Activity:
In this exercise, set down every entry that follows exactly as it appears.

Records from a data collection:
§ §

(* Let $\Lambda$ be a positive integer, $r\in[\Lambda-1]$ an integer, and $K_\alpha\ge0$ integers for $\alpha\in[\Lambda-r]$, not all zero, and let $K=\sum_{\alpha\in[\Lambda-r]}K_\alpha\binom{\Lambda}{\alpha}$. Consider an MADC model on a homogeneous network with $\Lambda$ mapper nodes and $K$ reducer nodes whose mapper–reducer connections are as in the GC-MRG (for each $\alpha\in[\Lambda-r]$ and each $\alpha$-subset $U$ of mapper nodes, exactly $K_\alpha$ reducer nodes are connected exactly to the mapper nodes in $U$), and in which every file is stored at exactly $r$ mapper nodes (computation load $r$). Then the optimal communication load $L^*(r)$ satisfies $$L^*(r)\ \ge\ L^{lb}_{new}(r)=\frac{\sum_{\alpha\in[\Lambda-r]}K_\alpha\binom{\Lambda-r}{\alpha}}{K\sum_{\alpha\in[\Lambda-r]}K_\alpha\left(\binom{\Lambda}{\alpha}-\binom{\Lambda-r}{\alpha}\right)}.$$ Consequently, the computation–communication curve is lower bounded by the lower convex envelope of the points $(r,L^{lb}_{new}(r))$, $r\in[\Lambda-1]$.
   Context: Notation: $[0,n)=\{0,1,\dots,n-1\}$, $[n]=\{1,\dots,n\}$. MADC (multi-access distributed computing) model: There are $\Lambda$ mapper nodes indexed by $[0,\Lambda)$ and $K$ reducer nodes. There are $N$ input files $w_0,\dots,w_{N-1}\in\mathbb{F}_{2^d}$ and $Q$ output functions $\phi_q:\mathbb{F}_{2^d}^N\to\mathbb{F}_{2^b}$, $q\in[0,Q)$, of the form $\phi_q(w_0,\dots,w_{N-1})=h_q(v_{q,0},\dots,v_{q,N-1})$, where $v_{q,n}=g_{q,n}(w_n)\in\mathbb{F}_{2^t}$ is called an intermediate value (IV). Each reducer node $k$ is assigned a set $\mathcal W_k\subseteq[0,Q)$ of $Q/K$ output functions, these sets being pairwise disjoint. Map phase: each mapper node $\lambda$ stores a set of files and computes all IVs $v_{q,n}$, $q\in[0,Q)$, of its stored files. Each reducer node is connected to a set of mapper nodes and has access to every file stored at any mapper node it is connected to, together with all IVs computed from those files. Shuffle phase: each reducer node $k$ broadcasts to all other reducer nodes, error-free, a message $\mathbf X_k$ of $l_k$ bits that is a function of the IVs it has access to. Reduce phase: each reducer node $k$ must recover all IVs $v_{q,n}$ with $q\in\mathcal W_k$, $n\in[0,N)$, from the received messages and the IVs it has access to. The computation load $r$ is the total number of files stored across mapper nodes divided by $N$; the communication load is $L=\sum_k l_k/(QNt)$. The optimal communication load $L^*(r)$ is the infimum of achievable communication loads over all map assignments with computation load $r$ (compatible with the stated network) and all valid shuffle/reduce schemes, with the IVs modeled as i.i.d. uniform on $\mathbb{F}_{2^t}$. *)

theory Defs
  imports Complex_Main
begin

§ §

Written reply:
(* Let $\Lambda$ be a positive integer, $r\in[\Lambda-1]$ an integer, and $K_\alpha\ge0$ integers for $\alpha\in[\Lambda-r]$, not all zero, and let $K=\sum_{\alpha\in[\Lambda-r]}K_\alpha\binom{\Lambda}{\alpha}$. Consider an MADC model on a homogeneous network with $\Lambda$ mapper nodes and $K$ reducer nodes whose mapper–reducer connections are as in the GC-MRG (for each $\alpha\in[\Lambda-r]$ and each $\alpha$-subset $U$ of mapper nodes, exactly $K_\alpha$ reducer nodes are connected exactly to the mapper nodes in $U$), and in which every file is stored at exactly $r$ mapper nodes (computation load $r$). Then the optimal communication load $L^*(r)$ satisfies $$L^*(r)\ \ge\ L^{lb}_{new}(r)=\frac{\sum_{\alpha\in[\Lambda-r]}K_\alpha\binom{\Lambda-r}{\alpha}}{K\sum_{\alpha\in[\Lambda-r]}K_\alpha\left(\binom{\Lambda}{\alpha}-\binom{\Lambda-r}{\alpha}\right)}.$$ Consequently, the computation–communication curve is lower bounded by the lower convex envelope of the points $(r,L^{lb}_{new}(r))$, $r\in[\Lambda-1]$.
   Context: Notation: $[0,n)=\{0,1,\dots,n-1\}$, $[n]=\{1,\dots,n\}$. MADC (multi-access distributed computing) model: There are $\Lambda$ mapper nodes indexed by $[0,\Lambda)$ and $K$ reducer nodes. There are $N$ input files $w_0,\dots,w_{N-1}\in\mathbb{F}_{2^d}$ and $Q$ output functions $\phi_q:\mathbb{F}_{2^d}^N\to\mathbb{F}_{2^b}$, $q\in[0,Q)$, of the form $\phi_q(w_0,\dots,w_{N-1})=h_q(v_{q,0},\dots,v_{q,N-1})$, where $v_{q,n}=g_{q,n}(w_n)\in\mathbb{F}_{2^t}$ is called an intermediate value (IV). Each reducer node $k$ is assigned a set $\mathcal W_k\subseteq[0,Q)$ of $Q/K$ output functions, these sets being pairwise disjoint. Map phase: each mapper node $\lambda$ stores a set of files and computes all IVs $v_{q,n}$, $q\in[0,Q)$, of its stored files. Each reducer node is connected to a set of mapper nodes and has access to every file stored at any mapper node it is connected to, together with all IVs computed from those files. Shuffle phase: each reducer node $k$ broadcasts to all other reducer nodes, error-free, a message $\mathbf X_k$ of $l_k$ bits that is a function of the IVs it has access to. Reduce phase: each reducer node $k$ must recover all IVs $v_{q,n}$ with $q\in\mathcal W_k$, $n\in[0,N)$, from the received messages and the IVs it has access to. The computation load $r$ is the total number of files stored across mapper nodes divided by $N$; the communication load is $L=\sum_k l_k/(QNt)$. The optimal communication load $L^*(r)$ is the infimum of achievable communication loads over all map assignments with computation load $r$ (compatible with the stated network) and all valid shuffle/reduce schemes, with the IVs modeled as i.i.d. uniform on $\mathbb{F}_{2^t}$. *)

theory Defs
  imports Complex_Main
begin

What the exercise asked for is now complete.